Personal life
- Born: c. 566 CE Mecca, Hejaz, Arabia
- Died: c. 640 (aged 73–74) Medina, Rashidun Caliphate (present-day KSA)
- Parents: Al-Harith ibn Abd al-Muttalib (father); Ghaziya bint Qais ibn Tarif al-Fihri (mother);
- Other names: Abu Arwa أبو اروى

= Rabi'ah ibn al-Harith =

Companion of the Islamic prophet Muhammad (c.594-c.653)

Rabīʿah ibn al-Ḥārith (ربيعة بن الحارث) (c.566-c.640) was a first cousin and companion of the Islamic prophet Muhammad.

== Biography ==
Rabiʿa ibn al-Harith ibn ʿAbd al-Muttalib was a cousin of the Prophet Muhammad, and was about two years older than his uncle Abbas ibn Abd al-Muttalib. Before Islam he worked as a merchant, sometimes in partnership with Uthman ibn Affan.

He did not take part in the Battle of Badr with Quraysh because he was away on a trading journey in Syria. Rabiʿa embraced Islam around the time of the Battle of the Trench, migrating to Medina together with his uncle al-ʿAbbas and his brother Nawfal ibn al-Harith. At Khaybar, Muhammad allotted him 100 wasqs of produce annually and praised him, saying:
What an excellent servant is Rabiʿa ibn al-Harith, if only he would shorten his hair and raise his garment.

Rabiʿa was present at the Conquest of Mecca, and fought alongside Muhammad at Hunayn and Taʾif, where he was among those who stood firm. He later lived in Medina and died there in 23 AH (644 CE) during the caliphate of Umar ibn al-Khattab. Some reports place his death earlier, in 13 AH.

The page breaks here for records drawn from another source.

(* Let $x,y\in PSBT_n$ be distinct. If the vertices $x^v$ and $y^v$ of $\mathrm{PSB}(n)$ are not adjacent, then there exist at least two tours in $PSBT_n$, different from $x$ and $y$, all of whose arcs are arcs of the multigraph $x\cup y$.
   Context: Let $n\ge 3$ and let $D_n$ be the complete directed graph on the vertex set (cities) $\{1,\dots,n\}$ with arc set $E=\{(u,v):u\neq v\}$. A Hamiltonian tour is a directed Hamiltonian cycle in $D_n$; for a tour $\tau$, $\tau(i)$ denotes the successor of city $i$, and $\tau^k(i)$, $\tau^{-k}(i)$ denote the $k$-th successor and $k$-th predecessor of $i$. A city $i$ is a peak of $\tau$ if $\tau^{-1}(i)<i$ and $\tau(i)<i$. A city $i$ is a step-back peak of $\tau$ if either ($\tau^{-1}(i)<i$, $\tau(i)=i-1$ and $\tau^2(i)>i$) or ($\tau^{-2}(i)>i$, $\tau^{-1}(i)=i-1$ and $\tau(i)<i$). A proper peak is a peak that is not a step-back peak. A pyramidal tour with step-backs is a Hamiltonian tour whose only proper peak is $n$; $PSBT_n$ denotes the set of all such tours. For a tour $x$, $x^v\in\mathbb{R}^E$ is its characteristic vector ($x^v_e=1$ if arc $e$ belongs to $x$, and $0$ otherwise), and $\mathrm{PSB}(n)=\mathrm{conv}\{x^v: x\in PSBT_n\}$; its vertices are the vectors $x^v$, $x\in PSBT_n$. Two vertices are adjacent if the segment joining them is an edge (one-dimensional face) of $\mathrm{PSB}(n)$. For tours $x,y$, $x\cup y$ denotes the multigraph on $\{1,\dots,n\}$ containing all arcs of $x$ and all arcs of $y$ (arcs common to both counted twice). *)

theory Defs
  imports "HOL-Analysis.Analysis" "HOL-Library.Function_Algebras"
begin

text \<open>Real vector space structure on functions (pointwise), so that
  characteristic vectors in R^E can be represented as functions
  nat \<times> nat \<Rightarrow> real (supported on the arc set E).\<close>

instantiation "fun" :: (type, real_vector) real_vector
begin
definition scaleR_fun :: "real \<Rightarrow> ('a \<Rightarrow> 'b) \<Rightarrow> 'a \<Rightarrow> 'b"
  where "scaleR_fun r f = (\<lambda>x. r *\<^sub>R f x)"
instance
  by standard (auto simp: scaleR_fun_def fun_eq_iff scaleR_add_right scaleR_add_left)
end

text \<open>A Hamiltonian tour on cities {1..n}, given by its successor function;
  normalised to be the identity outside {1..n}.\<close>
definition tour :: "nat \<Rightarrow> (nat \<Rightarrow> nat) \<Rightarrow> bool" where
  "tour n \<tau> \<longleftrightarrow> bij_betw \<tau> {1..n} {1..n}
     \<and> (\<forall>i. i \<notin> {1..n} \<longrightarrow> \<tau> i = i)
     \<and> (\<forall>i\<in>{1..n}. \<tau> i \<noteq> i)
     \<and> (\<forall>i\<in>{1..n}. \<forall>j\<in>{1..n}. \<exists>k. (\<tau> ^^ k) i = j)"

definition pred_city :: "nat \<Rightarrow> (nat \<Rightarrow> nat) \<Rightarrow> nat \<Rightarrow> nat" where
  "pred_city n \<tau> i = inv_into {1..n} \<tau> i"

definition peak :: "nat \<Rightarrow> (nat \<Rightarrow> nat) \<Rightarrow> nat \<Rightarrow> bool" where
  "peak n \<tau> i \<longleftrightarrow> pred_city n \<tau> i < i \<and> \<tau> i < i"

definition step_back_peak :: "nat \<Rightarrow> (nat \<Rightarrow> nat) \<Rightarrow> nat \<Rightarrow> bool" where
  "step_back_peak n \<tau> i \<longleftrightarrow>
     (pred_city n \<tau> i < i \<and> \<tau> i = i - 1 \<and> (\<tau> ^^ 2) i > i)
   \<or> (pred_city n \<tau> (pred_city n \<tau> i) > i \<and> pred_city n \<tau> i = i - 1 \<and> \<tau> i < i)"

definition proper_peak :: "nat \<Rightarrow> (nat \<Rightarrow> nat) \<Rightarrow> nat \<Rightarrow> bool" where
  "proper_peak n \<tau> i \<longleftrightarrow> peak n \<tau> i \<and> \<not> step_back_peak n \<tau> i"

definition PSBT :: "nat \<Rightarrow> (nat \<Rightarrow> nat) set" where
  "PSBT n = {\<tau>. tour n \<tau> \<and> (\<forall>i\<in>{1..n}. proper_peak n \<tau> i \<longleftrightarrow> i = n)}"

definition arcs :: "nat \<Rightarrow> (nat \<Rightarrow> nat) \<Rightarrow> (nat \<times> nat) set" where
  "arcs n \<tau> = {(i, \<tau> i) | i. i \<in> {1..n}}"

definition charvec :: "nat \<Rightarrow> (nat \<Rightarrow> nat) \<Rightarrow> (nat \<times> nat \<Rightarrow> real)" where
  "charvec n \<tau> = (\<lambda>e. if e \<in> arcs n \<tau> then 1 else 0)"

definition PSB :: "nat \<Rightarrow> (nat \<times> nat \<Rightarrow> real) set" where
  "PSB n = convex hull (charvec n ` PSBT n)"

definition adjacent :: "nat \<Rightarrow> (nat \<Rightarrow> nat) \<Rightarrow> (nat \<Rightarrow> nat) \<Rightarrow> bool" where
  "adjacent n x y \<longleftrightarrow> closed_segment (charvec n x) (charvec n y) face_of PSB n"

end

theory Submission
  imports Defs
begin

text \<open>The tours all of whose arcs lie in \<open>x \<union> y\<close> are exactly the vertices of \<open>PSB(n)\<close> on which
  the nonnegative functional "number of arcs outside \<open>x \<union> y\<close>" vanishes, so they span a face.
  If that face has no vertex besides \<open>x\<^sup>v, y\<^sup>v\<close>, it is the segment, i.e. the two vertices are
  adjacent. If it has exactly one further vertex \<open>z\<^sup>v\<close>, then the arc sets of \<open>x, y, z\<close> are
  distinct sets of equal size with \<open>z \<subseteq> x \<union> y\<close>, and a simple affine functional vanishes on
  \<open>x\<^sup>v, y\<^sup>v\<close> and is positive at \<open>z\<^sup>v\<close>; so the segment is a face of the triangle, hence of
  \<open>PSB(n)\<close>.\<close>

lemma affine_functional_convex_combination:
  fixes h :: "'v::real_vector \<Rightarrow> real"
  assumes "linear h" "finite S" "sum u S = 1"
  shows "c + h (\<Sum>v\<in>S. u v *\<^sub>R v) = (\<Sum>v\<in>S. u v * (c + h v))"
  using assms by (simp add: linear_sum linear_scale distrib_left sum.distrib
      flip: sum_distrib_right)

lemma affine_functional_nonneg_convex_hull:
  fixes h :: "'v::real_vector \<Rightarrow> real"
  assumes "linear h" "\<And>v. v \<in> V \<Longrightarrow> c + h v \<ge> 0" "p \<in> convex hull V"
  shows "c + h p \<ge> 0"
proof -
  from assms(3) obtain S u where S: "finite S" "S \<subseteq> V" "\<forall>v\<in>S. 0 \<le> u v" "sum u S = 1"
    "(\<Sum>v\<in>S. u v *\<^sub>R v) = p" unfolding convex_hull_explicit by blast
  have "c + h p = (\<Sum>v\<in>S. u v * (c + h v))"
    using affine_functional_convex_combination[OF assms(1) S(1,4)] S(5) by simp
  also have "\<dots> \<ge> 0" using S(2,3) assms(2) by (intro sum_nonneg) auto
  finally show ?thesis .
qed

lemma convex_hull_zero_set_affine_functional:
  fixes h :: "'v::real_vector \<Rightarrow> real"
  assumes "linear h" and nonneg: "\<And>v. v \<in> V \<Longrightarrow> c + h v \<ge> 0"
  shows "{p \<in> convex hull V. c + h p = 0} = convex hull {v \<in> V. c + h v = 0}"
    (is "?Z = convex hull ?Q")
proof
  show "?Z \<subseteq> convex hull ?Q"
  proof
    fix p assume "p \<in> ?Z"
    then obtain S u where S: "finite S" "S \<subseteq> V" "\<forall>v\<in>S. 0 \<le> u v" "sum u S = 1"
      "(\<Sum>v\<in>S. u v *\<^sub>R v) = p" and p0: "c + h p = 0"
      unfolding convex_hull_explicit by blast
    have terms_nonneg: "\<forall>v\<in>S. 0 \<le> u v * (c + h v)" using S(2,3) nonneg by auto
    have "(\<Sum>v\<in>S. u v * (c + h v)) = 0"
      using affine_functional_convex_combination[OF assms(1) S(1,4)] S(5) p0 by simp
    then have terms_zero: "\<forall>v\<in>S. u v * (c + h v) = 0"
      using terms_nonneg by (simp add: sum_nonneg_eq_0_iff[OF S(1)])
    define S' where "S' = {v\<in>S. c + h v = 0}"
    have S': "finite S'" "S' \<subseteq> S" "S' \<subseteq> ?Q" using S(1,2) unfolding S'_def by auto
    have outside_zero: "\<forall>v\<in>S - S'. u v = 0" using terms_zero unfolding S'_def by auto
    have "sum u S' = 1"
      using sum.mono_neutral_right[OF S(1) S'(2), of u] outside_zero S(4) by simp
    moreover have "(\<Sum>v\<in>S'. u v *\<^sub>R v) = p"
      using sum.mono_neutral_right[OF S(1) S'(2), of "\<lambda>v. u v *\<^sub>R v"] outside_zero S(5)
      by simp
    moreover have "\<forall>v\<in>S'. 0 \<le> u v" using S(3) S'(2) by blast
    ultimately show "p \<in> convex hull ?Q"
      unfolding convex_hull_explicit using S'(1,3) by blast
  qed
next
  show "convex hull ?Q \<subseteq> ?Z"
  proof
    fix p assume p: "p \<in> convex hull ?Q"
    then obtain S u where S: "finite S" "S \<subseteq> ?Q" "sum u S = 1" "(\<Sum>v\<in>S. u v *\<^sub>R v) = p"
      unfolding convex_hull_explicit by blast
    have "c + h p = (\<Sum>v\<in>S. u v * (c + h v))"
      using affine_functional_convex_combination[OF assms(1) S(1,3)] S(4) by simp
    also have "\<dots> = 0" using S(2) by (intro sum.neutral) auto
    finally have "c + h p = 0" .
    moreover have "p \<in> convex hull V" using p hull_mono[of ?Q V] by blast
    ultimately show "p \<in> ?Z" by blast
  qed
qed

lemma face_of_zero_set_affine_functional:
  fixes h :: "'v::real_vector \<Rightarrow> real"
  assumes "linear h" "convex S" and nonneg: "\<And>p. p \<in> S \<Longrightarrow> c + h p \<ge> 0"
  shows "{p \<in> S. c + h p = 0} face_of S"
  unfolding face_of_def
proof (intro conjI ballI impI)
  show "convex {p \<in> S. c + h p = 0}"
    unfolding convex_def
  proof (intro ballI allI impI)
    fix p q and u v :: real
    assume pq: "p \<in> {p \<in> S. c + h p = 0}" "q \<in> {p \<in> S. c + h p = 0}" and "u + v = 1"
    have "c + h (u *\<^sub>R p + v *\<^sub>R q) = u * (c + h p) + v * (c + h q) + (1 - (u + v)) * c"
      by (simp add: linear_add[OF assms(1)] linear_scale[OF assms(1)] algebra_simps)
    then show "u *\<^sub>R p + v *\<^sub>R q \<in> {p \<in> S. c + h p = 0}" if "0 \<le> u" "0 \<le> v"
      using pq that assms(2) \<open>u + v = 1\<close> unfolding convex_def by auto
  qed
  fix a b p assume "a \<in> S" "b \<in> S" "p \<in> {p \<in> S. c + h p = 0}" "p \<in> open_segment a b"
  then obtain t where t: "0 < t" "t < 1" "p = (1 - t) *\<^sub>R a + t *\<^sub>R b" and p0: "c + h p = 0"
    and ab: "c + h a \<ge> 0" "c + h b \<ge> 0"
    using nonneg unfolding in_segment by blast
  have "(1 - t) * (c + h a) + t * (c + h b) = 0"
    using p0 unfolding t(3) linear_add[OF assms(1)] linear_scale[OF assms(1)]
    by (simp add: algebra_simps)
  then have "c + h a = 0" "c + h b = 0"
    using t(1,2) ab by (smt (verit) mult_nonneg_nonneg mult_pos_pos)+
  then show "a \<in> {p \<in> S. c + h p = 0}" "b \<in> {p \<in> S. c + h p = 0}"
    using \<open>a \<in> S\<close> \<open>b \<in> S\<close> by auto
qed auto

Rabiʿa had several children, including: Muhammad, ʿAbd Allah, al-Harith, al-ʿAbbas, Umayya, ʿAbd Shams, Abd al-Muttalib ibn Rabiʿa ibn al-Harith, Arwa al-Kubra, and Hind, whose mother was Umm al-Hakam bint al-Zubayr ibn ʿAbd al-Muttalib; and Arwa al-Sughra, whose mother was a concubine.

==Family==
He was a son of Al-Harith ibn Abd al-Muttalib of the Hashim clan of the Quraysh in Mecca.

He married his cousin Umm al-Hakam bint al-Zubayr and they had nine children.
1. Muhammad.
2. Abd Allah.
3. Abbas, He had a son named Abd al-Rahman buried in Ahmed Pur Sial, Jhang.
4. Al-Harith.
5. Abd Shams.
6. Abd al-Muttalib, who narrated hadith from Muhammad and settled in Syria.
7. Umayya.
8. Another son, variously named Adam, Tammam or Iyas, the victim of the bloodwit case.
9. Arwa "the Elder", from whom Rabi'ah took his kunya Abu Arwa.

==Conversion to Islam==
It is said that Rabi'ah did not fight at the Battle of Badr in 624 because he was in Syria at the time.

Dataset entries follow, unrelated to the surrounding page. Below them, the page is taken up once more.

(* Let $\widehat A$ be an operator on $L^2(\mathbb{R}^N)$ with Weyl symbol $A$, let $z_0\in T^*\mathbb{R}^N$ and $a_0:=A(z_0)$. Let $g$ be a smooth function and let $C$ be the Weyl symbol of $\widehat C:=g(\widehat A)$. If $g$ has a zero of order $m$ at $a_0$, then $C(z_0)=O(\hbar^{m/2})$.
   Context: Symbols are elements of $\mathcal{C}^\infty(T^*\mathbb{R}^N)[[\hbar]]$ and operators are related to symbols by Weyl quantization $A\mapsto\widehat A$, which is an algebra isomorphism onto its image when symbols carry the Moyal product $\star$ (i.e. the symbol of $\widehat C\widehat D$ is $C\star D$), where $C\star D=\sum_{k\ge0}\frac1{k!}(\frac{i\hbar}{2})^k C_{,\mu_1\ldots\mu_k}J^{\mu_1\nu_1}\cdots J^{\mu_k\nu_k}D_{,\nu_1\ldots\nu_k}$ in coordinates $z=(x,p)$ with $(J^{\mu\nu})=\begin{pmatrix}0&I_N\\-I_N&0\end{pmatrix}$. Functions of operators $g(\widehat A)$ are defined by a spectral calculus, which is an algebra morphism: $g(\widehat A)h(\widehat A)=(gh)(\widehat A)$. *)

theory Defs
  imports "HOL-Analysis.Analysis"
begin

text \<open>Phase space T*R^N = R^(2N), coordinates indexed by 'n + 'n:
  Inl i is the position coordinate x_i, Inr i the momentum coordinate p_i.\<close>

type_synonym 'n phase = "(real, 'n + 'n) vec"

text \<open>A symbol in C^infty(T*R^N)[[hbar]]: coefficient k is the coefficient of hbar^k.\<close>
type_synonym 'n symb = "nat \<Rightarrow> 'n phase \<Rightarrow> complex"

definition pdiff :: "('n::finite + 'n) \<Rightarrow> ('n phase \<Rightarrow> complex) \<Rightarrow> 'n phase \<Rightarrow> complex" where
  "pdiff \<mu> f = (\<lambda>z. vector_derivative (\<lambda>t::real. f (z + t *\<^sub>R axis \<mu> 1)) (at 0))"

fun iter_pdiff :: "('n::finite + 'n) list \<Rightarrow> ('n phase \<Rightarrow> complex) \<Rightarrow> 'n phase \<Rightarrow> complex" where
  "iter_pdiff [] f = f"
| "iter_pdiff (\<mu> # \<mu>s) f = pdiff \<mu> (iter_pdiff \<mu>s f)"

definition smooth_phase :: "('n::finite phase \<Rightarrow> complex) \<Rightarrow> bool" where
  "smooth_phase f \<longleftrightarrow> (\<forall>\<mu>s z. iter_pdiff \<mu>s f differentiable (at z))"

definition smooth_symb :: "'n::finite symb \<Rightarrow> bool" where
  "smooth_symb S \<longleftrightarrow> (\<forall>k. smooth_phase (S k))"

fun symplJ :: "('n + 'n) \<Rightarrow> ('n + 'n) \<Rightarrow> real" where
  "symplJ (Inl i) (Inr j) = (if i = j then 1 else 0)"
| "symplJ (Inr i) (Inl j) = (if i = j then -1 else 0)"
| "symplJ _ _ = 0"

In 627, at the time of the Battle of the Trench, he converted to Islam and emigrated to Medina.

==Bloodwit case==
Rabi'ah's son Adam was a small child living with a foster-mother from the Bakr tribe. The Bakr were at war with the Hudhayl. Adam crept out in front of the tents and was caught in the cross-fire of the battle. A rock thrown by a Hudhayl man hit and crushed his head, which killed him.

Rabi'ah intended to demand blood-money or a counter-killing from the Hudhayl for the death of his son. Before this could happen, Muhammad conquered Mecca. On that day Muhammad cancelled all bloodwit debts and he specifically named Rabi'ah's case as the first to be cancelled. However, Ibn Ishaq asserts that the cancellation was declared two years later, at the Farewell Pilgrimage of 632.

All blood shed in the pagan period is to be left unavenged. The first claim on blood I abolish is that of Ibn Rabi'ah ibn al-Harith ibn Abd al-Muttalib. It is the first blood shed in the pagan period which I deal with.

Hence Muhammad prevented Rabi'ah from claiming revenge from the killer.

==Later life==
Rabī'ah and his brother Abū Sufyān were among the ten people who did not flee in the Battle of Hunayn.

He is involved in the Hadith of the ten promised paradise.

Rabi'ah died after 636 but before 644.